*** Records provided ***

(* For every $N$ there exists a positive integer $n$ with at least $N$ distinct prime factors such that $\gamma(X_n)\le\gamma_t(X_n)\le g(n)-2$.
   Context: For a positive integer $n$, $X_n$ is the graph on $\{0,\dots,n-1\}$ with $a,b$ adjacent iff $\gcd(a-b,n)=1$. The Jacobsthal function $g(n)$ is the least positive integer $m$ such that every set of $m$ consecutive integers contains an integer coprime to $n$. $\gamma(G)$ is the domination number (minimum size of a set $S$ such that every vertex is in $S$ or adjacent to a vertex of $S$); $\gamma_t(G)$ is the total domination number (minimum size of a set $S$ such that every vertex of $G$ is adjacent to some vertex of $S$). *)

theory Defs
  imports "HOL-Number_Theory.Number_Theory"
begin

text \<open>The unitary Cayley graph X_n on vertex set {0,...,n-1}: a, b adjacent iff gcd(a-b, n) = 1.\<close>
definition Xadj :: "nat \<Rightarrow> nat \<Rightarrow> nat \<Rightarrow> bool" where
  "Xadj n a b \<longleftrightarrow> gcd (int a - int b) (int n) = 1"

definition dominating_X :: "nat \<Rightarrow> nat set \<Rightarrow> bool" where
  "dominating_X n S \<longleftrightarrow> S \<subseteq> {0..<n} \<and>
     (\<forall>v\<in>{0..<n}. v \<in> S \<or> (\<exists>s\<in>S. Xadj n v s))"

definition total_dominating_X :: "nat \<Rightarrow> nat set \<Rightarrow> bool" where
  "total_dominating_X n S \<longleftrightarrow> S \<subseteq> {0..<n} \<and>
     (\<forall>v\<in>{0..<n}. \<exists>s\<in>S. Xadj n v s)"

definition domination_number_X :: "nat \<Rightarrow> nat" where
  "domination_number_X n = (LEAST k. \<exists>S. dominating_X n S \<and> card S = k)"

definition total_domination_number_X :: "nat \<Rightarrow> nat" where
  "total_domination_number_X n = (LEAST k. \<exists>S. total_dominating_X n S \<and> card S = k)"

definition jacobsthal :: "nat \<Rightarrow> nat" where
  "jacobsthal n = (LEAST m. m > 0 \<and> (\<forall>a::int. \<exists>x\<in>{a..<a + int m}. coprime x (int n)))"

end

theory Submission
  imports Defs
begin

text \<open>
  Take \<open>n = 30 q\<^sub>1\<cdots>q\<^sub>k\<close> with \<open>k = 8N + 3\<close> primes \<open>q\<^sub>i > 30N + 30\<close>.
  The set \<open>S = [0, 30N) \<union> (30N + R30)\<close> has \<open>30N + 16\<close> elements, and for every
  vertex \<open>v\<close> at least \<open>8N + 4\<close> elements \<open>s \<in> S\<close> make \<open>v - s\<close> a unit mod 30.
  Since \<open>S\<close> is shorter than every \<open>q\<^sub>i\<close>, each \<open>q\<^sub>i\<close> divides \<open>v - s\<close> for at most
  one \<open>s \<in> S\<close>, so some \<open>s\<close> is adjacent to \<open>v\<close>: \<open>S\<close> is totally dominating.
  On the other hand, \<open>30N + 17\<close> consecutive integers ending at a residue 6 mod 30
  contain exactly \<open>8N + 3\<close> units mod 30, and the Chinese remainder theorem places the
  window so that each of them is divisible by its own \<open>q\<^sub>i\<close>; hence \<open>g(n) \<ge> 30N + 18\<close>.
\<close>

lemma coprime_prime_right_iff:
  fixes p :: "'a :: factorial_semiring_gcd"
  assumes "prime p"
  shows "coprime x p \<longleftrightarrow> \<not> p dvd x"
proof
  show "\<not> p dvd x" if "coprime x p"
    using coprime_common_divisor[OF that _ dvd_refl] assms not_prime_unit by blast
  show "coprime x p" if "\<not> p dvd x"
    using prime_imp_coprime[OF assms that] by (simp add: coprime_commute)
qed

lemma coprime_prod_right_iff:
  fixes x :: "'a :: semiring_gcd"
  assumes "finite A"
  shows "coprime x (\<Prod>i\<in>A. f i) \<longleftrightarrow> (\<forall>i\<in>A. coprime x (f i))"
  using assms by (induction A rule: finite_induct) simp_all

lemma coprime_mult_prod_primes_iff:
  fixes x :: int and Q :: "nat set"
  assumes "finite Q" and "\<forall>q\<in>Q. prime q"
  shows "coprime x (int (m * \<Prod>Q)) \<longleftrightarrow> coprime x (int m) \<and> (\<forall>q\<in>Q. \<not> int q dvd x)"
proof -
  have "coprime x (int q) \<longleftrightarrow> \<not> int q dvd x" if "q \<in> Q" for q
    using assms(2) that by (intro coprime_prime_right_iff) simp
  then show ?thesis
    unfolding of_nat_mult of_nat_prod coprime_mult_right_iff coprime_prod_right_iff[OF assms(1)]
    by simp
qed

lemma mult_prod_primes_gt_0:
  fixes Q :: "nat set"
  assumes "finite Q" and "\<forall>q\<in>Q. prime q" and "m > 0"
  shows "m * \<Prod>Q > 0"
  using assms by (simp add: prime_gt_0_nat prod_pos)

lemma coprime_cong_iff:
  fixes a b :: "'a :: {unique_euclidean_semiring, euclidean_semiring_gcd}"
  assumes "[a = b] (mod m)"
  shows "coprime a m \<longleftrightarrow> coprime b m"
  using cong_imp_coprime[OF assms] cong_imp_coprime[OF cong_sym[OF assms]] by blast

lemma coprime_diff_cong_iff:
  assumes "[v = v'] (mod m)" and "[s = s'] (mod m)"
  shows "coprime (int v - int s) (int m) \<longleftrightarrow> coprime (int v' - int s') (int m)"
proof (rule coprime_cong_iff)
  show "[int v - int s = int v' - int s'] (mod int m)"
    using assms by (intro cong_diff) (simp_all add: cong_int_iff)
qed
lemma word_eval_append:
  "xs \<noteq> [] \<Longrightarrow> ys \<noteq> [] \<Longrightarrow> word_eval f phi (xs @ ys) = word_eval f phi xs ** phi ** word_eval f phi ys"
proof (induction xs)
  case (Cons m xs)
  then show ?case
    by (cases xs) (simp_all add: word_eval_Cons matrix_mul_assoc)
qed simp

lemma mat_mult_middle: "(A::cmat) ** mat k ** B = mat k ** (A ** B)"
  by (metis mat_mult_commute matrix_mul_assoc)

lemma word_eval_mult_reverse:
  assumes "parabolic f" "elliptic2 phi" "ms \<noteq> []"
  shows "\<exists>\<sigma>. \<sigma>\<^sup>2 = 1 \<and> word_eval f phi ms ** word_eval f phi (map uminus (rev ms)) = mat \<sigma>"
  using assms(3)
proof (induction ms rule: induct_list012)
  case (2 m)
  show ?case
    using zpow_mult_zpow_uminus[OF assms(1)] by (intro exI[of _ 1]) simp
next
  case (3 m m' ms)
  let ?W = "word_eval f phi (m' # ms)" and ?W' = "word_eval f phi (map uminus (rev (m' # ms)))"
  obtain \<sigma> where \<sigma>: "\<sigma>\<^sup>2 = 1" "?W ** ?W' = mat \<sigma>"
    using "3.IH"(2) by blast
  have "word_eval f phi (m # m' # ms) ** word_eval f phi (map uminus (rev (m # m' # ms)))
      = zpow f m ** phi ** (?W ** ?W') ** phi ** zpow f (- m)"
    using word_eval_append[of "map uminus (rev (m' # ms))" "[- m]" f phi]
    by (simp add: matrix_mul_assoc)
  also have "\<dots> = mat \<sigma> ** (zpow f m ** (phi ** phi) ** zpow f (- m))"
    unfolding \<sigma>(2) by (simp only: mat_mult_middle matrix_mul_assoc)
  also have "\<dots> = mat (- \<sigma>)"
    unfolding elliptic2_square[OF assms(2)] mat_mult_middle zpow_mult_zpow_uminus[OF assms(1)]
    by (simp add: mat_mult_mat)
  finally show ?case
    using \<sigma>(1) by (intro exI[of _ "- \<sigma>"]) simp
qed simp

lemma det_word_eval: "parabolic f \<Longrightarrow> det phi = 1 \<Longrightarrow> det (word_eval f phi ms) = 1"
  by (induction f phi ms rule: word_eval.induct) (auto simp: det_mul det_zpow_parabolic det_I)

text \<open>If \<open>W\<close> is the word of \<open>nested_word xs\<close> and \<open>W'\<close> its reversal with negated exponents
  (which evaluates to \<open>\<plusminus>W\<^sup>-\<^sup>1\<close>), then \<open>nested_word (x # xs)\<close> is the word \<open>W a\<^sup>x W'\<close>.\<close>
fun nested_exps :: "int list \<Rightarrow> int list" where
  "nested_exps [] = []"
| "nested_exps (x # xs) = nested_exps xs @ [x] @ map uminus (rev (nested_exps xs))"

definition nested_word :: "int list \<Rightarrow> int list" where
  "nested_word xs = 0 # nested_exps xs @ [0]"

lemma word_eval_nested_word_Cons:
  "word_eval f phi (nested_word (x # xs))
     = word_eval f phi (nested_word xs) ** zpow f x ** word_eval f phi (map uminus (rev (nested_word xs)))"
proof -
  let ?w = "nested_exps xs"
  let ?B = "map uminus (rev ?w) @ [0]"
  have split: "nested_word (x # xs) = (0 # ?w) @ (x # ?B)"
    by (simp add: nested_word_def)
  have W: "word_eval f phi (nested_word xs) = word_eval f phi (0 # ?w) ** phi"
    using word_eval_append[of "0 # ?w" "[0]" f phi] by (simp add: nested_word_def)
  have W': "word_eval f phi (map uminus (rev (nested_word xs))) = phi ** word_eval f phi ?B"
    using word_eval_Cons[of ?B f phi 0] by (simp add: nested_word_def)
  show ?thesis
    unfolding split W W' by (simp add: word_eval_append word_eval_Cons matrix_mul_assoc del: append_Cons)
qed

fun square_comp_poly :: "int list \<Rightarrow> complex poly" where
  "square_comp_poly [] = [:0, 1:]"
| "square_comp_poly (x # xs) = smult (of_int x ^ 2) (square_comp_poly xs ^ 2)"

lemma gamma_nested_word:
  assumes "parabolic f" "elliptic2 phi"
  shows "gamma f (word_eval f phi (nested_word xs)) = poly (square_comp_poly xs) (gamma f phi)"
proof (induction xs)
  case Nil
  show ?case
    by (simp add: nested_word_def)
next
  case (Cons x xs)
  let ?W = "word_eval f phi (nested_word xs)"
  have "nested_word xs \<noteq> []"
    by (simp add: nested_word_def)
  then obtain \<sigma> where "\<sigma>\<^sup>2 = 1" "?W ** word_eval f phi (map uminus (rev (nested_word xs))) = mat \<sigma>"
    using word_eval_mult_reverse[OF assms] by blast
  moreover have "det ?W = 1"
    using assms by (simp add: det_word_eval elliptic2_def SL2_def)
  ultimately show ?case
    by (simp add: word_eval_nested_word_Cons gamma_conj_zpow[OF assms(1)] Cons)
qed

lemma gamma_surj: "\<exists>f phi. parabolic f \<and> elliptic2 phi \<and> gamma f phi = z"
proof (intro exI conjI)
  define s where "s = csqrt z"
  show "parabolic (mat2 1 1 0 1)"
    by (simp add: parabolic_def SL2_def det_mat2 trace_mat2 cmat_eq_iff mat_def)
  show "elliptic2 (mat2 \<i> 0 s (- \<i>))"
    by (simp add: elliptic2_def SL2_def det_mat2 trace_mat2)
  have "s\<^sup>2 = z"
    by (simp add: s_def)
  then show "gamma (mat2 1 1 0 1) (mat2 \<i> 0 s (- \<i>)) = z"
    unfolding gamma_def
    by (simp add: matrix_inv_mat2 mat2_mult_mat2 trace_mat2) (simp add: algebra_simps power2_eq_square)
qed

lemma word_poly_nested_word: "word_poly (nested_word xs) = square_comp_poly xs"
  unfolding word_poly_def
proof (rule the_equality)
  show "\<forall>f phi. parabolic f \<and> elliptic2 phi \<longrightarrow>
      gamma f (word_eval f phi (nested_word xs)) = poly (square_comp_poly xs) (gamma f phi)"
    using gamma_nested_word by blast
next
  fix p
  assume p: "\<forall>f phi. parabolic f \<and> elliptic2 phi \<longrightarrow>
      gamma f (word_eval f phi (nested_word xs)) = poly p (gamma f phi)"
  have "poly p z = poly (square_comp_poly xs) z" for z
    using gamma_surj[of z] p gamma_nested_word by metis
  then show "p = square_comp_poly xs"
    by (simp add: poly_eq_poly_eq_iff[symmetric] fun_eq_iff)
qed

lemma set_nested_exps: "set (nested_exps xs) \<subseteq> set xs \<union> uminus ` set xs"
  by (induction xs) auto

lemma good_word_nested_word:
  assumes "xs \<noteq> []" "0 \<notin> set xs"
  shows "good_word (nested_word xs)"
proof -
  let ?w = "nested_exps xs"
  have nz: "0 \<notin> set ?w"
    using set_nested_exps[of xs] assms(2) by force
  have "?w \<noteq> []"
    using assms(1) by (cases xs) auto
  then have "3 \<le> length (nested_word xs)"
    by (cases ?w) (auto simp: nested_word_def)
  moreover have "nested_word xs ! i \<noteq> 0" if "1 \<le> i" "i < length (nested_word xs) - 1" for i
  proof -
    have "nested_word xs ! i = ?w ! (i - 1)" "i - 1 < length ?w"
      using that by (auto simp: nested_word_def nth_Cons' nth_append)
    then show ?thesis
      using nz nth_mem by metis
  qed
  ultimately show ?thesis
    unfolding good_word_def by blast
qed

lemma square_comp_poly_in_word_semigroup:
  "xs \<noteq> [] \<Longrightarrow> 0 \<notin> set xs \<Longrightarrow> poly (square_comp_poly xs) \<in> word_semigroup"
  unfolding word_semigroup_def by (metis (mono_tags, lifting) good_word_nested_word word_poly_nested_word mem_Collect_eq)

lemma poly_square_comp_poly_scale:
  "poly (square_comp_poly xs) (t * z) = t ^ (2 ^ length xs) * poly (square_comp_poly xs) z"
  by (induction xs) (simp_all add: power_mult_distrib power_mult[symmetric] mult_ac)

section \<open>Escaping orbits\<close>

lemma not_normal_family_if_bounded_and_escaping:
  assumes "\<And>n. g n \<in> F" "a \<in> V" "b \<in> V" "\<And>n. cmod (g n a) \<le> B"
    and "filterlim (\<lambda>n. cmod (g n b)) at_top sequentially"
  shows "\<not> normal_family F V"
proof
  assume "normal_family F V"
  then obtain r where r: "strict_mono r" and
    "(\<exists>h. \<forall>K. compact K \<and> K \<subseteq> V \<longrightarrow> uniform_limit K (\<lambda>n. g (r n)) h sequentially) \<or>
     (\<forall>K. compact K \<and> K \<subseteq> V \<longrightarrow>
        (\<forall>M::real. eventually (\<lambda>n. \<forall>z\<in>K. M \<le> cmod (g (r n) z)) sequentially))"
    using assms(1) unfolding normal_family_def by blast
  then show False
  proof (elim disjE exE)
    fix h
    assume "\<forall>K. compact K \<and> K \<subseteq> V \<longrightarrow> uniform_limit K (\<lambda>n. g (r n)) h sequentially"
    then have "(\<lambda>n. g (r n) b) \<longlonglongrightarrow> h b"
      using assms(3) by (auto dest: spec[of _ "{b}"])
    moreover have "filterlim (\<lambda>n. cmod (g (r n) b)) at_top sequentially"
      using filterlim_compose[OF assms(5) filterlim_subseq[OF r]] by (simp add: o_def)
    then have "filterlim (\<lambda>n. g (r n) b) at_infinity sequentially"
      by (rule filterlim_norm_at_top_imp_at_infinity)
    ultimately show False
      by (rule not_tendsto_and_filterlim_at_infinity[OF trivial_limit_sequentially])
  next
    assume "\<forall>K. compact K \<and> K \<subseteq> V \<longrightarrow>
        (\<forall>M::real. eventually (\<lambda>n. \<forall>z\<in>K. M \<le> cmod (g (r n) z)) sequentially)"
    then have "eventually (\<lambda>n. B + 1 \<le> cmod (g (r n) a)) sequentially"
      using assms(2) by (auto dest: spec[of _ "{a}"])
    then obtain n where "B + 1 \<le> cmod (g (r n) a)"
      using eventually_sequentially by auto
    then show False
      using assms(4)[of "r n"] by simp
  qed
qed

definition square_exponent :: "complex \<Rightarrow> int" where
  "square_exponent z = \<lceil>1 / (4 * cmod z)\<rceil>"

*** End of Records provided ***

Whenever "unfolding" occurs in a line of the entries, copy that line.

Your response:
    unfolding of_nat_mult of_nat_prod coprime_mult_right_iff coprime_prod_right_iff[OF assms(1)]
    unfolding \<sigma>(2) by (simp only: mat_mult_middle matrix_mul_assoc)
    unfolding elliptic2_square[OF assms(2)] mat_mult_middle zpow_mult_zpow_uminus[OF assms(1)]
    unfolding split W W' by (simp add: word_eval_append word_eval_Cons matrix_mul_assoc del: append_Cons)
    unfolding gamma_def
  unfolding word_poly_def
    unfolding good_word_def by blast
  unfolding word_semigroup_def by (metis (mono_tags, lifting) good_word_nested_word word_poly_nested_word mem_Collect_eq)
    using assms(1) unfolding normal_family_def by blast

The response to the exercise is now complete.